Segment Start: EXERCISE DATA

lemma ninversions_word_prod_le: "set xs \<subseteq> gens n \<Longrightarrow> ninversions n (word_prod xs) \<le> length xs"
proof (induction xs)
  case Nil then show ?case by (simp only: word_prod_Nil ninversions_id)
next
  case (Cons x xs)
  then obtain j where x: "x = sgen j" "Suc j < n" by (auto simp: gens_iff)
  have "word_prod xs permutes {..<n}" using Cons by (intro word_prod_permutes) auto
  then have "ninversions n (sgen j \<circ> word_prod xs) \<le> Suc (ninversions n (word_prod xs))"
    using ninversions_sgen_comp_cases[OF _ x(2)] by fastforce
  moreover have "ninversions n (word_prod xs) \<le> length xs" using Cons by simp
  ultimately show ?case unfolding word_prod_Cons x length_Cons by linarith
qed

text \<open>Right multiplication by a transposition of a non-inversion \<open>(p, q)\<close>: the map \<open>h\<close> fixes
  pairs with an end strictly between \<open>p\<close> and \<open>q\<close> and swaps the others through \<open>p \<leftrightarrow> q\<close>; it
  injects the old inversions into the new ones, missing the new inversion \<open>(p, q)\<close>.\<close>
lemma ninversions_less_comp_transpose:
  assumes w: "w permutes {..<n}" and pq: "p < q" "q < n" and wpq: "w p < w q"
  shows "ninversions n w < ninversions n (w \<circ> transpose p q)"
proof -
  let ?t = "transpose p q"
  let ?w' = "w \<circ> ?t"
  define h where "h = (\<lambda>(r::nat, s::nat).
    if (p < r \<and> r < q) \<or> (p < s \<and> s < q) then (r, s) else (?t r, ?t s))"
  have "h (r, s) \<in> inversions n ?w' - {(p, q)}" if "(r, s) \<in> inversions n w" for r s
  proof -
    have rs: "r < s" "s < n" "w s < w r" using that by (auto simp: inversions_def)
    show ?thesis
    proof (cases "(p < r \<and> r < q) \<or> (p < s \<and> s < q)")
      case True
      then show ?thesis using rs pq wpq by (auto simp: h_def inversions_def transpose_def)
    next
      case False
      then have "h (r, s) = (?t r, ?t s)" by (auto simp: h_def)
      moreover have "(?t r, ?t s) \<in> inversions n ?w'"
        using False rs pq wpq by (auto simp: inversions_def transpose_def)
      moreover have "(?t r, ?t s) \<noteq> (p, q)"
        using False rs pq wpq by (auto simp: transpose_def)
      ultimately show ?thesis by simp
    qed
  qed
  then have img: "h ` inversions n w \<subseteq> inversions n ?w' - {(p, q)}"
    by (intro image_subsetI) (metis surj_pair)
  have "inj_on h (inversions n w)"
    using pq unfolding h_def by (auto intro!: inj_onI simp: transpose_def split: if_splits)
  then have "ninversions n w = card (h ` inversions n w)" by (simp add: ninversions_def card_image)
  also have "\<dots> \<le> card (inversions n ?w' - {(p, q)})"
    by (rule card_mono[OF _ img]) (simp add: finite_inversions)
  also have "\<dots> < card (inversions n ?w')"
    using pq wpq finite_inversions by (intro card_Diff1_less) (auto simp: inversions_def)
  finally show ?thesis by (simp add: ninversions_def)
qed

section \<open>Coxeter length as the number of inversions\<close>

lemma exists_left_descent:
  assumes v: "v permutes {..<n}" and "v \<noteq> id"
  obtains j where "Suc j < n" "inv v (Suc j) < inv v j"
proof -
  have w: "inv v permutes {..<n}" by (rule permutes_inv[OF v])
  have "inv v \<noteq> id" using \<open>v \<noteq> id\<close> permutes_inv_inv[OF v] by fastforce
  then obtain j where "Suc j < n" "\<not> inv v j < inv v (Suc j)"
    using permutes_ascending_eq_id[OF w] by blast
  then show ?thesis using that permutes_apply_Suc_neq[OF w, of j] by simp
qed
(* (1) Let $q,m$ be positive integers with $q<m\le 2q$ and let $s\in\{2,3\}$. Then $K_{2q}^{RT}(2m,s,2ms-3)\le q\,\big(OCAN(3,m,s,2)+CAN(2,m,2)\big)$. (2) Let $q,v\ge2$ and $m,s,t$ be positive integers with $t\ge 2$, $s\le t\le ms$ and $(t-1)q+1\le m\le (t-1)qv$. Then $K_{qv}^{RT}(m,s,ms-t)\le q\,OCAN(t,m,s,v)$.
   Context: For positive integers $m,s$, the RT poset $[m\times s]$ is the set $\{1,\ldots,ms\}$ partitioned into $m$ blocks $B_i=\{is+1,\ldots,(i+1)s\}$; each block is a chain under the usual order of the integers, and elements of different blocks are incomparable. An ideal is a down-closed subset; an anti-ideal is the complement of an ideal; $\langle A\rangle$ denotes the smallest ideal containing $A$. For $x,y\in\mathbb{Z}_q^{ms}$, $d_{RT}(x,y)=|\langle\{i:x_i\neq y_i\}\rangle|$. A code $C\subseteq \mathbb{Z}_q^{ms}$ is an $R$-covering if every $x\in\mathbb{Z}_q^{ms}$ has some $c\in C$ with $d_{RT}(x,c)\le R$; $K_q^{RT}(m,s,R)$ is the smallest size of an $R$-covering. An ordered covering array $OCA(N;t,m,s,v)$ ($2\le t\le ms$) is an $N\times ms$ array over an alphabet of size $v$ with columns labeled by the elements of $[m\times s]$ such that for every anti-ideal $J$ of size $t$, every $t$-tuple over the alphabet appears as a row of the $N\times t$ subarray formed by the columns labeled by $J$; $OCAN(t,m,s,v)$ is the least such $N$. A covering array $CA(N;t,n,v)$ is an $OCA(N;t,n,1,v)$, i.e. an $N\times n$ array in which every set of $t$ columns contains every $t$-tuple as a row; $CAN(t,n,v)$ is the least such $N$. *)

theory Defs
  imports Main
begin

text \<open>RT poset [m x s], 0-indexed: elements 0..<m*s, block of i is i div s;
  x \<le>_RT y iff same block and x \<le> y.\<close>

definition rt_le :: "nat \<Rightarrow> nat \<Rightarrow> nat \<Rightarrow> bool" where
  "rt_le s x y \<longleftrightarrow> x div s = y div s \<and> x \<le> y"

definition rt_ideal :: "nat \<Rightarrow> nat \<Rightarrow> nat set \<Rightarrow> bool" where
  "rt_ideal m s I \<longleftrightarrow> I \<subseteq> {0..<m*s} \<and>
     (\<forall>y\<in>I. \<forall>x<m*s. rt_le s x y \<longrightarrow> x \<in> I)"

definition rt_anti_ideal :: "nat \<Rightarrow> nat \<Rightarrow> nat set \<Rightarrow> bool" where
  "rt_anti_ideal m s J \<longleftrightarrow> J \<subseteq> {0..<m*s} \<and> rt_ideal m s ({0..<m*s} - J)"

definition rt_gen :: "nat \<Rightarrow> nat \<Rightarrow> nat set \<Rightarrow> nat set" where
  "rt_gen m s A = {x. x < m*s \<and> (\<exists>y\<in>A. rt_le s x y)}"

definition words :: "nat \<Rightarrow> nat \<Rightarrow> nat list set" where
  "words q n = {x. length x = n \<and> set x \<subseteq> {0..<q}}"

definition d_RT :: "nat \<Rightarrow> nat \<Rightarrow> nat list \<Rightarrow> nat list \<Rightarrow> nat" where
  "d_RT m s x y = card (rt_gen m s {i. i < m*s \<and> x ! i \<noteq> y ! i})"

definition rt_covering :: "nat \<Rightarrow> nat \<Rightarrow> nat \<Rightarrow> nat \<Rightarrow> nat list set \<Rightarrow> bool" where
  "rt_covering q m s R C \<longleftrightarrow> C \<subseteq> words q (m*s) \<and>
     (\<forall>x\<in>words q (m*s). \<exists>c\<in>C. d_RT m s x c \<le> R)"

definition K_RT :: "nat \<Rightarrow> nat \<Rightarrow> nat \<Rightarrow> nat \<Rightarrow> nat" where
  "K_RT q m s R = (LEAST k. \<exists>C. rt_covering q m s R C \<and> card C = k)"

definition is_OCA :: "nat list list \<Rightarrow> nat \<Rightarrow> nat \<Rightarrow> nat \<Rightarrow> nat \<Rightarrow> bool" where
  "is_OCA A t m s v \<longleftrightarrow> 2 \<le> t \<and> t \<le> m*s \<and> set A \<subseteq> words v (m*s) \<and>
     (\<forall>J. rt_anti_ideal m s J \<and> card J = t \<longrightarrow>
        (\<forall>f. (\<forall>j\<in>J. f j < v) \<longrightarrow> (\<exists>r\<in>set A. \<forall>j\<in>J. r ! j = f j)))"

definition OCAN :: "nat \<Rightarrow> nat \<Rightarrow> nat \<Rightarrow> nat \<Rightarrow> nat" where
  "OCAN t m s v = (LEAST N. \<exists>A. is_OCA A t m s v \<and> length A = N)"

definition CAN :: "nat \<Rightarrow> nat \<Rightarrow> nat \<Rightarrow> nat" where
  "CAN t n v = OCAN t n 1 v"

end

theory Submission
  imports Defs "HOL-Library.FuncSet"
begin

(*
  Write a symbol of Z_{qv} as k v + a with k < q and a < v. Given a word x on more than
  (t - 1) q blocks, the pigeonhole principle yields t blocks whose top elements carry the same
  high digit k in x. The tops of any t blocks form an anti-ideal, so if a v-ary array realises
  every pattern on the tops of every t blocks, then some row, with k v added to each entry,
  agrees with x on an anti-ideal of size t, i.e. lies at RT distance at most m s - t from x.

  For (2) the OCA itself is such an array. For (1) the 2m blocks are paired as b and b + m.
  Rows of an OCA(3, m, s, 2) written twice handle three tops in distinct pairs, and two tops of
  one pair carrying equal values: padding the tops of blocks i and j with the element just below
  the top of block i (here s >= 2 is needed) gives an anti-ideal of size 3. Rows of a CA(2, m, 2),
  each entry repeated s times and followed by the complemented copy, handle two tops of one pair
  carrying different values.
*)

lemma rt_anti_ideal_if_upward_closed:
  assumes "J \<subseteq> {..<m*s}" and "\<And>j y. j \<in> J \<Longrightarrow> y < m*s \<Longrightarrow> rt_le s j y \<Longrightarrow> y \<in> J"
  shows "rt_anti_ideal m s J"
  using assms unfolding rt_anti_ideal_def rt_ideal_def by auto

lemma d_RT_le_if_agree_on_anti_ideal:
  assumes J: "rt_anti_ideal m s J" and agree: "\<forall>j\<in>J. x ! j = c ! j"
  shows "d_RT m s x c \<le> m*s - card J"
proof -
  have "rt_gen m s {i. i < m*s \<and> x ! i \<noteq> c ! i} \<subseteq> {0..<m*s} - J"
  proof
    fix z assume "z \<in> rt_gen m s {i. i < m*s \<and> x ! i \<noteq> c ! i}"
    then obtain y where z: "z < m*s" "rt_le s z y" and y: "y < m*s" "x ! y \<noteq> c ! y"
      unfolding rt_gen_def by blast
    have "y \<in> {0..<m*s} - J" using y agree by auto
    then show "z \<in> {0..<m*s} - J"
      using J z unfolding rt_anti_ideal_def rt_ideal_def by blast
  qed
  then have "d_RT m s x c \<le> card ({0..<m*s} - J)"
    unfolding d_RT_def by (intro card_mono) auto
  also have "\<dots> = m*s - card J"
    using J unfolding rt_anti_ideal_def by (subst card_Diff_subset) (auto intro: finite_subset)
  finally show ?thesis .
qed

lemma nth_words_less: "x \<in> words q n \<Longrightarrow> j < n \<Longrightarrow> x ! j < q"
  unfolding words_def using nth_mem by fastforce

definition rt_top :: "nat \<Rightarrow> nat \<Rightarrow> nat" where
  "rt_top s b = b*s + (s - 1)"

lemma rt_top_div [simp]:
  assumes "0 < s" shows "rt_top s b div s = b"
proof -
  have "rt_top s b div s = ((s - 1) + b*s) div s" unfolding rt_top_def by (simp only: add.commute)
  also have "\<dots> = b + (s - 1) div s" by (rule div_mult_self1) (use assms in simp)
  finally show ?thesis using assms by simp
qed

lemma rt_top_add: "rt_top s (m + b) = m*s + rt_top s b"
  unfolding rt_top_def by (simp add: algebra_simps)

lemma rt_top_less: "0 < s \<Longrightarrow> b < m \<Longrightarrow> rt_top s b < m*s"
proof -
  assume "0 < s" "b < m"
  then have "b*s + s \<le> m*s" using mult_le_mono1[of "Suc b" m s] by simp
  then show ?thesis using \<open>0 < s\<close> unfolding rt_top_def by linarith
qed

lemma inj_rt_top: "0 < s \<Longrightarrow> inj (rt_top s)"
  by (metis injI rt_top_div)

lemma rt_top_minus_one_div:
  assumes "2 \<le> s" shows "(rt_top s b - 1) div s = b"
proof -
  have "rt_top s b - 1 = (s - 2) + b*s" unfolding rt_top_def using assms by simp
  then have "(rt_top s b - 1) div s = ((s - 2) + b*s) div s" by (simp only:)
  also have "\<dots> = b + (s - 2) div s" by (rule div_mult_self1) (use assms in simp)
  finally show ?thesis using assms by simp
qed

lemma rt_le_imp_le_rt_top:
  assumes "0 < s" and "rt_le s x y"
  shows "y \<le> rt_top s (x div s)"
proof -
  have "y = (x div s)*s + y mod s"
    using assms(2) div_mult_mod_eq[of y s] unfolding rt_le_def by simp
  moreover have "y mod s < s" using assms(1) by simp
  ultimately show ?thesis unfolding rt_top_def by linarith
qed

lemma rt_anti_ideal_tops:
  assumes "0 < s" and "B \<subseteq> {..<m}"
  shows "rt_anti_ideal m s (rt_top s ` B)"
proof (rule rt_anti_ideal_if_upward_closed)
  show "rt_top s ` B \<subseteq> {..<m*s}" using assms rt_top_less by auto
next
  fix j y assume "j \<in> rt_top s ` B" and "rt_le s j y"
  moreover from this have "y \<le> rt_top s (j div s)" using assms(1) rt_le_imp_le_rt_top by blast
  ultimately show "y \<in> rt_top s ` B" using assms(1) unfolding rt_le_def by force
qed

lemma rt_anti_ideal_insert_below_top:
  assumes "2 \<le> s" and "i \<in> B" and "B \<subseteq> {..<m}"
  shows "rt_anti_ideal m s (insert (rt_top s i - 1) (rt_top s ` B))"
proof (rule rt_anti_ideal_if_upward_closed)
  have "rt_top s ` B \<subseteq> {..<m*s}" using assms rt_top_less[of s] by auto
  then show "insert (rt_top s i - 1) (rt_top s ` B) \<subseteq> {..<m*s}"
    using assms(2) by auto
next
  fix j y assume j: "j \<in> insert (rt_top s i - 1) (rt_top s ` B)" and "rt_le s j y"
  then have le: "j \<le> y" "y \<le> rt_top s (j div s)"
    using assms(1) rt_le_imp_le_rt_top[of s j y] unfolding rt_le_def by auto
  from j show "y \<in> insert (rt_top s i - 1) (rt_top s ` B)"
  proof
    assume j: "j = rt_top s i - 1"
    then have "y \<le> rt_top s i" using le(2) assms(1) rt_top_minus_one_div[of s i] by simp
    moreover have "1 \<le> rt_top s i" using assms(1) unfolding rt_top_def by simp
    ultimately have "y = rt_top s i - 1 \<or> y = rt_top s i" using le(1) j by linarith
    then show ?thesis using assms(2) by blast
  next
    assume "j \<in> rt_top s ` B"
    then show ?thesis using le assms(1) by auto
  qed
qed

lemma pigeonhole_large_fibre:
  assumes "\<forall>b<n. f b < (q::nat)" and "(t - 1)*q < n"
  shows "\<exists>k<q. t \<le> card {b. b < n \<and> f b = k}"
proof -
  have "{..<q} \<noteq> {}" using assms by auto
  then obtain k where k: "k < q" and "card (f -` {k} \<inter> {..<n}) * card {..<q} \<ge> card {..<n}"
    using pigeonhole_card[of f "{..<n}" "{..<q}"] assms(1) by auto
  moreover have "f -` {k} \<inter> {..<n} = {b. b < n \<and> f b = k}" by auto
  ultimately have "(t - 1)*q < card {b. b < n \<and> f b = k} * q"
    using assms(2) by (metis card_lessThan less_le_trans)
  then show ?thesis using k by auto
qed

lemma OCAN_attained:
  assumes "2 \<le> t" and "t \<le> m*s" and "0 < v"
  shows "\<exists>A. is_OCA A t m s v \<and> length A = OCAN t m s v"
proof -
  let ?A = "List.n_lists (m*s) [0..<v]"
  have "is_OCA ?A t m s v"
    unfolding is_OCA_def
  proof (intro conjI allI impI)
    show "set ?A \<subseteq> words v (m*s)" unfolding words_def set_n_lists by auto
  next
    fix J f assume J: "rt_anti_ideal m s J \<and> card J = t" and f: "\<forall>j\<in>J. f j < v"
    let ?r = "map (\<lambda>j. if j \<in> J then f j else 0) [0..<m*s]"
    have "?r \<in> set ?A" unfolding set_n_lists using f assms(3) by auto
    moreover have "\<forall>j\<in>J. ?r ! j = f j" using J unfolding rt_anti_ideal_def by auto
    ultimately show "\<exists>r\<in>set ?A. \<forall>j\<in>J. r ! j = f j" by blast
  qed (use assms in auto)
  then have "\<exists>N A. is_OCA A t m s v \<and> length A = N" by blast
  from LeastI_ex[OF this] show ?thesis unfolding OCAN_def .
qed
(* Let $\mathcal{I}$ be an instance of $\mathrm{CSP}(\{r_1,r_2\})$ for basic Allen relations $r_1,r_2$, and let $G_\mathcal{I}$ be its arc-labelled graph. Then $\mathcal{I}$ is satisfiable if and only if $G_\mathcal{I}$ contains no bad cycle, where the bad cycles are as follows. (1) If $r_1=\mathsf{d}$ and $r_2=\mathsf{p}$: cycles in which all $\mathsf{p}$-arcs have the same direction and no two $\mathsf{d}$-arcs meet head-to-head. (2) If $r_1=\mathsf{d}$ and $r_2=\mathsf{o}$: cycles in which all $\mathsf{d}$-arcs have the same direction and all $\mathsf{o}$-arcs have the same direction (the common direction of the $\mathsf{d}$-arcs may differ from that of the $\mathsf{o}$-arcs). (3) If $r_1=\mathsf{o}$ and $r_2=\mathsf{p}$: (a) directed cycles of $\mathsf{o}$-arcs, and (b) cycles containing at least one $\mathsf{p}$-arc, in which (for a suitable traversal direction) all $\mathsf{p}$-arcs are forward and between any two $\mathsf{o}$-arcs in reverse direction that are consecutive among the reverse $\mathsf{o}$-arcs along the cycle there is a $\mathsf{p}$-arc (this includes directed cycles of $\mathsf{p}$-arcs). (4) If $r_1\in\{\mathsf{f},\mathsf{s}\}$ and $r_2\in\{\mathsf{d},\mathsf{o},\mathsf{p}\}$: (a) directed cycles of $r_1$-arcs, and (b) cycles with at least one $r_2$-arc in which all $r_2$-arcs have the same direction (the $r_1$-arcs may be directed arbitrarily).
   Context: Allen's interval algebra has domain $\mathbb{I}=\{[a,b] : a,b\in\mathbb{Q},\ a<b\}$; for $I=[a,b]$ write $I^-=a$, $I^+=b$. Basic relations: $x\,\mathsf{p}\,y$ iff $x^+<y^-$; $x\,\mathsf{o}\,y$ iff $x^-<y^-<x^+<y^+$; $x\,\mathsf{d}\,y$ iff $y^-<x^-$ and $x^+<y^+$; $x\,\mathsf{s}\,y$ iff $x^-=y^-$ and $x^+<y^+$; $x\,\mathsf{f}\,y$ iff $x^+=y^+$ and $y^-<x^-$. An instance of $\mathrm{CSP}(\{r_1,r_2\})$ is a set of variables and constraints $x\,r\,y$ with $r\in\{r_1,r_2\}$; it is satisfiable if some assignment of intervals satisfies all constraints. The arc-labelled graph $G_\mathcal{I}$ has the variables as vertices and, for each constraint $u\,r\,v$, an arc $(u,v)$ labelled $r$ (an $r$-arc); parallel arcs and loops are allowed. A cycle is a sequence of distinct vertices $v_1,\dots,v_\ell$ ($\ell\ge1$) together with distinct arcs $a_1,\dots,a_\ell$ where $a_i$ joins $v_i$ and $v_{i+1}$ (indices mod $\ell$), i.e. a cycle of the underlying undirected multigraph (a loop or two parallel/antiparallel arcs form a cycle) with a traversal direction; $a_i$ is forward if it is $(v_i,v_{i+1})$ and reverse otherwise. Arcs "have the same direction" if they are all forward or all reverse; a directed cycle of $r$-arcs is a cycle consisting of $r$-arcs all of the same direction. Two arcs meet head-to-head if they are consecutive on the cycle and their common vertex is the head of both. *)

theory Defs
  imports Main "HOL.Rat"
begin

datatype allen = Ap | Ao | Ad | As | Af

definition is_interval :: "rat \<times> rat \<Rightarrow> bool" where
  "is_interval x \<longleftrightarrow> fst x < snd x"

definition holds :: "allen \<Rightarrow> rat \<times> rat \<Rightarrow> rat \<times> rat \<Rightarrow> bool" where
  "holds r x y = (case r of
      Ap \<Rightarrow> snd x < fst y
    | Ao \<Rightarrow> fst x < fst y \<and> fst y < snd x \<and> snd x < snd y
    | Ad \<Rightarrow> fst y < fst x \<and> snd x < snd y
    | As \<Rightarrow> fst x = fst y \<and> snd x < snd y
    | Af \<Rightarrow> snd x = snd y \<and> fst y < fst x)"

text \<open>A constraint (u, r, v) means  u r v ; it is also the r-arc (u,v) of the graph.
  An instance is a finite set of constraints.\<close>

type_synonym 'v constr = "'v \<times> allen \<times> 'v"

definition instance_of :: "allen \<Rightarrow> allen \<Rightarrow> 'v constr set \<Rightarrow> bool" where
  "instance_of r1 r2 C \<longleftrightarrow> finite C \<and> (\<forall>c\<in>C. fst (snd c) \<in> {r1, r2})"

definition satisfiable :: "'v constr set \<Rightarrow> bool" where
  "satisfiable C \<longleftrightarrow> (\<exists>f :: 'v \<Rightarrow> rat \<times> rat.
      (\<forall>v. is_interval (f v)) \<and> (\<forall>(u, r, w) \<in> C. holds r (f u) (f w)))"

definition lbl :: "'v constr \<Rightarrow> allen" where
  "lbl a = fst (snd a)"

definition joins :: "'v constr \<Rightarrow> 'v \<Rightarrow> 'v \<Rightarrow> bool" where
  "joins a x y \<longleftrightarrow> (fst a = x \<and> snd (snd a) = y) \<or> (fst a = y \<and> snd (snd a) = x)"

definition is_cycle :: "'v constr set \<Rightarrow> 'v list \<Rightarrow> 'v constr list \<Rightarrow> bool" where
  "is_cycle C vs as \<longleftrightarrow> length vs \<ge> 1 \<and> length as = length vs \<and> distinct vs \<and> distinct as
     \<and> set as \<subseteq> C
     \<and> (\<forall>i < length vs. joins (as ! i) (vs ! i) (vs ! ((i + 1) mod length vs)))"

definition fwd :: "'v list \<Rightarrow> 'v constr list \<Rightarrow> nat \<Rightarrow> bool" where
  "fwd vs as i \<longleftrightarrow> fst (as ! i) = vs ! i \<and> snd (snd (as ! i)) = vs ! ((i + 1) mod length vs)"

definition same_dir :: "'v list \<Rightarrow> 'v constr list \<Rightarrow> allen \<Rightarrow> bool" where
  "same_dir vs as r \<longleftrightarrow>
     (\<forall>i < length as. lbl (as ! i) = r \<longrightarrow> fwd vs as i) \<or>
     (\<forall>i < length as. lbl (as ! i) = r \<longrightarrow> \<not> fwd vs as i)"

definition has_lbl :: "'v constr list \<Rightarrow> allen \<Rightarrow> bool" where
  "has_lbl as r \<longleftrightarrow> (\<exists>i < length as. lbl (as ! i) = r)"

definition directed_cycle_of :: "'v list \<Rightarrow> 'v constr list \<Rightarrow> allen \<Rightarrow> bool" where
  "directed_cycle_of vs as r \<longleftrightarrow> (\<forall>i < length as. lbl (as ! i) = r) \<and> same_dir vs as r"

Segment End: EXERCISE DATA

* _WHAT TO WORK ON_
Your task is to set down only the lines that run from the opening of the listing to the line with "using ninversions_sgen_comp_cases[OF _", both ends included, each unchanged.

* _ANSWER SECTION_
lemma ninversions_word_prod_le: "set xs \<subseteq> gens n \<Longrightarrow> ninversions n (word_prod xs) \<le> length xs"
proof (induction xs)
  case Nil then show ?case by (simp only: word_prod_Nil ninversions_id)
next
  case (Cons x xs)
  then obtain j where x: "x = sgen j" "Suc j < n" by (auto simp: gens_iff)
  have "word_prod xs permutes {..<n}" using Cons by (intro word_prod_permutes) auto
  then have "ninversions n (sgen j \<circ> word_prod xs) \<le> Suc (ninversions n (word_prod xs))"
    using ninversions_sgen_comp_cases[OF _ x(2)] by fastforce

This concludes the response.